Build the new package
python3 -m build
And install it (the old version is automatically disinstalled):
pip install dist/hello_world-1.0.1-py3-none-any.whl
Great! Let's now test our package. Open the python3 console:
python3
Import our module and run the hello function:
>>> from example_package import example
>>> example.hello()
Hello world!
Version control enables collaborative development because it:
- Tracks who made changes in the code and what they are
- Allows you to revert back to a previous version of the code
- Allows parallel versions of the software to be developed at the same time and then merged to a single version later
Git seems to have eliminated all other version control systems and is pretty much the only game in town. Some terminology:
- repository: source code along with the full change history
- clone: your own copy of the repository
- fork: a copy of the repository that is being independently maintained
- branch: a divergent change history that is maintained in parallel with other branches
- commit: a smallest unit of change in the source code
- merge: incorporate changes from one branch into another one
- conflict: occurs when two branches have changes to the same file
- pull (merge) request: a request to incorporate changes from a branch to the main branch of the project
- check out: update to your local copy of the repository
- rebase: incorporate changes made in the main branch to your branch
GitHub is a cloud-based platform that provides hosting for Git repositories, enabling version control, collaborative software development and project management, through their servers. To store our Git repository on GitHub we first need to setup authentification correctly. Right now easiest seems to be through the use of an SSH key.
After setting up authentification, create a new empty repository on GitHub. Do NOT add any file (e.g. README, .gitignore, etc.) from the web platform.
Now, from the root folder of your project:
git init -b main
git add .
git commit -m "first commit"
git remote add origin [email protected]:/yourusername/name-of-your-github-repo.git
git push -u origin main
Congratulations, you just pushed on GitHub your Python package. To finish this section, let's just add a small modification to the package and push the changes to GitHub. We will simply create a README.md file for our package:
echo "# Hello World package" > README.md
Then:
git add README.md
git commit -am "Created README.md"
git push
CI/CD stands for Continous Integration/Continous Deployment. CI/CD involves the automated testing, building, and deployment processes integrated directly into a GitHub repository. When a developer makes changes to the Python package's code, GitHub CI/CD automatically triggers a series of actions, including running tests to ensure the code's integrity and functionality. If the tests pass, the CI/CD pipeline proceeds to build the package and, in a Continuous Deployment setup, deploys it to a specified environment. This automated workflow helps catch errors early in development, ensures consistent code quality, and facilitates efficient and reliable delivery of updates to users. For Python packages, GitHub CI/CD is crucial as it streamlines the development lifecycle, reduces manual intervention, and enables swift and reliable delivery of improvements or new features to end-users.
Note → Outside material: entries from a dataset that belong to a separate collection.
(* Let $S=p_1,\ldots,p_n$ have independent entries uniform on $[0,1]$, and let $x=x_1x_2\ldots$ and $y=y_1y_2\ldots$ be two independent traces of $S$. Fix the deletion patterns of both traces, and consider two length-$w$ windows $x_{i},\ldots,x_{i+w-1}$ and $y_j,\ldots,y_{j+w-1}$. Let $q$ be the number of $t\in\{0,\ldots,w-1\}$ such that $x_{i+t}$ and $y_{j+t}$ originate from the same original position $k$ (i.e. both are flips of the same $p_k$), and let $r=w-q$. Then for every $\beta>0$, with probability taken over the randomness of $S$ and the coin flips (but not the deletions), $$\Pr\left[\left|\sum_{t=0}^{w-1}|x_{i+t}-y_{j+t}|-\left(\frac q3+\frac r2\right)\right|\ge\beta\right]\le2\exp\left(\frac{-2\beta^2}{w}\right).$$
   Context: A trace of $S=p_1,\ldots,p_n$ with deletion probability $\delta$: sample independent bits $t_k$ with $\Pr[t_k=1]=p_k$, delete each independently with probability $\delta$, and concatenate the surviving bits; each surviving bit thus originates from a specific original position $k$. *)

theory Defs
  imports "HOL-Probability.Probability"
begin

text \<open>Joint distribution of the coin flips of two independent traces of S = p_0..p_(n-1).
  First sample p_k iid uniform on [0,1]; then, given p, sample independent bits
  omega (k, True) ~ Bernoulli(p_k) (flip of position k in trace x) and
  omega (k, False) ~ Bernoulli(p_k) (flip of position k in trace y).
  Positions are 0-indexed. Deletions are fixed and handled separately.\<close>

definition coins_dist :: "nat \<Rightarrow> ((nat \<times> bool) \<Rightarrow> bool) measure" where
  "coins_dist n =
     Giry_Monad.bind (PiM {..<n} (\<lambda>_. uniform_measure lborel {0..1::real}))
       (\<lambda>p. PiM ({..<n} \<times> UNIV) (\<lambda>kc. measure_pmf (bernoulli_pmf (p (fst kc)))))"

text \<open>Given the (fixed) set D of surviving original positions, the m-th bit (0-indexed)
  of the trace originates from original position trace_origin D m.\<close>

definition trace_origin :: "nat set \<Rightarrow> nat \<Rightarrow> nat" where
  "trace_origin D m = sorted_list_of_set D ! m"

end

theory Submission
  imports Defs
begin

text \<open>Once the uniform bias p_k is integrated out, the two flips of position k are fair coins
  that agree with probability 2/3, independently over k. Both windows visit original positions in
  increasing order, so the largest position read by the t-th comparison is read by no earlier one;
  resampling that position alone shows that the t-th mismatch indicator is Bernoulli(1/3) when both
  bits come from the same position and Bernoulli(1/2) otherwise, independently of the earlier
  indicators. The number of mismatches is thus a sum of w independent Bernoulli variables with mean
  q/3 + r/2, and Hoeffding's inequality gives the bound.\<close>

lemma map_pmf_xor_bernoulli_half: "map_pmf (\<lambda>x. x \<noteq> e) (bernoulli_pmf (1/2)) = bernoulli_pmf (1/2)"
proof (rule pmf_eqI)
  fix y
  have "pmf (map_pmf (\<lambda>x. x \<noteq> e) (bernoulli_pmf (1/2))) ((\<lambda>x. x \<noteq> e) (y \<noteq> e))
      = pmf (bernoulli_pmf (1/2)) (y \<noteq> e)"
    by (rule pmf_map_inj') (auto simp: inj_on_def)
  moreover have "(\<lambda>x. x \<noteq> e) (y \<noteq> e) = y" by auto
  ultimately show "pmf (map_pmf (\<lambda>x. x \<noteq> e) (bernoulli_pmf (1/2))) y = pmf (bernoulli_pmf (1/2)) y"
    by (cases y) simp_all
qed

lemma map_pair_pmf_fibrewise:
  assumes "\<And>f. map_pmf (h f) A = B"
  shows "map_pmf (\<lambda>(y, f). (h f y, g f)) (pair_pmf A P) = pair_pmf B (map_pmf g P)"
proof -
  have "map_pmf (\<lambda>(y, f). (h f y, g f)) (pair_pmf A P)
      = P \<bind> (\<lambda>f. map_pmf (\<lambda>z. (z, g f)) (map_pmf (h f) A))"
    unfolding pair_pmf_def map_pmf_def
    by (subst bind_commute_pmf) (simp add: bind_assoc_pmf bind_return_pmf)
  also have "\<dots> = P \<bind> (\<lambda>f. map_pmf (\<lambda>z. (z, g f)) B)"
    by (simp only: assms)
  also have "\<dots> = pair_pmf B (map_pmf g P)"
    unfolding pair_pmf_def map_pmf_def
    by (subst bind_commute_pmf) (simp add: bind_assoc_pmf bind_return_pmf)
  finally show ?thesis .
qed

lemma Pi_pmf_remove:
  assumes "finite A" "c \<in> A"
  shows "Pi_pmf A d p = map_pmf (\<lambda>(y, f). f(c := y)) (pair_pmf (p c) (Pi_pmf (A - {c}) d p))"
  using assms by (subst Pi_pmf_insert[symmetric]) (auto simp: insert_absorb)

lemma map_pmf_Pi_pmf_remove_irrelevant:
  assumes "finite A" "c \<in> A" and "\<And>f y. F (f(c := y)) = F f"
  shows "map_pmf F (Pi_pmf A d p) = map_pmf F (Pi_pmf (A - {c}) d p)"
proof -
  have "map_pmf F (Pi_pmf A d p) = map_pmf F (map_pmf snd (pair_pmf (p c) (Pi_pmf (A - {c}) d p)))"
    unfolding Pi_pmf_remove[OF assms(1,2)] pmf.map_comp by (simp add: o_def case_prod_beta assms(3))
  then show ?thesis by (simp only: map_snd_pair_pmf)
qed

lemma Hoeffding_Pi_pmf_bernoulli:
  fixes \<rho> :: "'a \<Rightarrow> real"
  assumes I: "finite I" "I \<noteq> {}" and "\<beta> \<ge> 0" and \<rho>: "\<And>t. t \<in> I \<Longrightarrow> 0 \<le> \<rho> t \<and> \<rho> t \<le> 1"
  shows "measure_pmf.prob (Pi_pmf I False (\<lambda>t. bernoulli_pmf (\<rho> t)))
           {z. \<bar>(\<Sum>t\<in>I. of_bool (z t) :: real) - (\<Sum>t\<in>I. \<rho> t)\<bar> \<ge> \<beta>}
         \<le> 2 * exp (-2 * \<beta>\<^sup>2 / real (card I))"
proof -
  let ?Z = "Pi_pmf I False (\<lambda>t. bernoulli_pmf (\<rho> t))"
  have mean: "measure_pmf.expectation ?Z (\<lambda>z. of_bool (z t)) = \<rho> t" if "t \<in> I" for t
  proof -
    have "measure_pmf.expectation ?Z (\<lambda>z. of_bool (z t))
        = measure_pmf.expectation (map_pmf (\<lambda>z. z t) ?Z) (\<lambda>x. of_bool x :: real)"
      by simp
    also have "\<dots> = \<rho> t"
      using that \<rho>[OF that] I by (subst Pi_pmf_component) auto
    finally show ?thesis .
  qed
  interpret Hoeffding_ineq ?Z I "\<lambda>t z. of_bool (z t) :: real" "\<lambda>_. 0" "\<lambda>_. 1" "\<Sum>t\<in>I. \<rho> t"
  proof unfold_locales
    show "prob_space.indep_vars ?Z (\<lambda>_. borel) (\<lambda>t z. of_bool (z t) :: real) I"
      by (rule prob_space.indep_vars_compose2[OF measure_pmf.prob_space_axioms
            indep_vars_Pi_pmf[OF I(1)]]) auto
  qed (use I(1) mean in auto)
  show ?thesis
    using Hoeffding_ineq_abs_ge[OF \<open>\<beta> \<ge> 0\<close>] I by (simp add: card_gt_0_iff del: sum_of_bool_eq)
qed

lemma pmf_bernoulli_pmf: "pmf (bernoulli_pmf p) b = (let p' = min 1 (max 0 p) in if b then p' else 1 - p')"
proof -
  interpret pmf_as_function .
  show ?thesis by transfer (simp add: Let_def)
qed

lemma borel_measurable_pmf_bernoulli_pmf [measurable]:
  "(\<lambda>p. pmf (bernoulli_pmf p) b) \<in> borel_measurable borel"
  unfolding pmf_bernoulli_pmf Let_def by measurable

section \<open>Two flips of a coin with uniform bias\<close>

text \<open>The law of the two flips of one position after integrating out its uniform bias:
  P(1,1) = P(0,0) = 1/3 and P(1,0) = P(0,1) = 1/6, realised as (x, x xor e) with e ~ Bernoulli(1/3).\<close>
definition coin_pair_pmf :: "(bool \<times> bool) pmf" where
  "coin_pair_pmf =
     map_pmf (\<lambda>(x, e). (x, x \<noteq> e)) (pair_pmf (bernoulli_pmf (1/2)) (bernoulli_pmf (1/3)))"

lemma map_fst_coin_pair_pmf: "map_pmf fst coin_pair_pmf = bernoulli_pmf (1/2)"
  unfolding coin_pair_pmf_def pmf.map_comp by (simp add: o_def case_prod_beta map_fst_pair_pmf)

lemma map_snd_coin_pair_pmf: "map_pmf snd coin_pair_pmf = bernoulli_pmf (1/2)"
proof -
  have "map_pmf snd coin_pair_pmf
      = bernoulli_pmf (1/3) \<bind> (\<lambda>e. map_pmf (\<lambda>x. x \<noteq> e) (bernoulli_pmf (1/2)))"
    unfolding coin_pair_pmf_def pair_pmf_def map_pmf_def
    by (subst bind_commute_pmf) (simp add: bind_assoc_pmf bind_return_pmf)
  also have "\<dots> = bernoulli_pmf (1/2)"
    unfolding map_pmf_xor_bernoulli_half by (rule bind_pmf_const)
  finally show ?thesis .
qed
In order to set up CI/CD for our package, let move to our repository webpage on GitHub. Then click "Actions" in the repo header. So Configure Python package:
This will create a new directory called .github/workflows in which you will put your CI/CD scripts in YAML format. By default, GitHub is creating python-package.yml. Edit this file such that the last line states the following instruction:
pytest tests/
We basically said to pytest that everytime we will push code to our repository, all the test contained in the tests folder must be completed in order to build the Python package. So, after this modification, just commit this new file via GitHub web by clicking "Commit changes...".
At this point, pull this new commit on your local copy of the repo:
git pull
Now open the file tests/test_main.py and let's define a first test that always pass :)
def test_main():
assert(True)
Commit and push this modification to your GitHub repo in the usual way, and investigate the execution log:
In the following you can find a representation of the tipycal GitHub flow associated with changes being made to a software repository.
-
Master Branch: The main branch, often named "master," represents the stable version of the project.
-
Create a New Branch: Developers create a new branch when working on a feature or fixing a bug. This keeps changes isolated from the main branch until they're ready.
-
Commit Changes: Developers make changes in the new branch, committing snapshots along the way.
-
Pull Request: Developers open a pull request to propose their changes. This allows team members to review the code and discuss potential modifications.
-
Get Feedback: Team members provide feedback on the proposed changes through discussions within the pull request. This collaborative process ensures the quality and correctness of the code.
-
Test Changes: Developers, including automated testing tools like pytest, thoroughly test the changes to verify functionality and prevent unintended side effects.
-
Merge Branch: If everything works as intended and the changes are approved, the branch is merged into the master branch. This process helps maintain a clean and stable main branch while allowing for parallel development.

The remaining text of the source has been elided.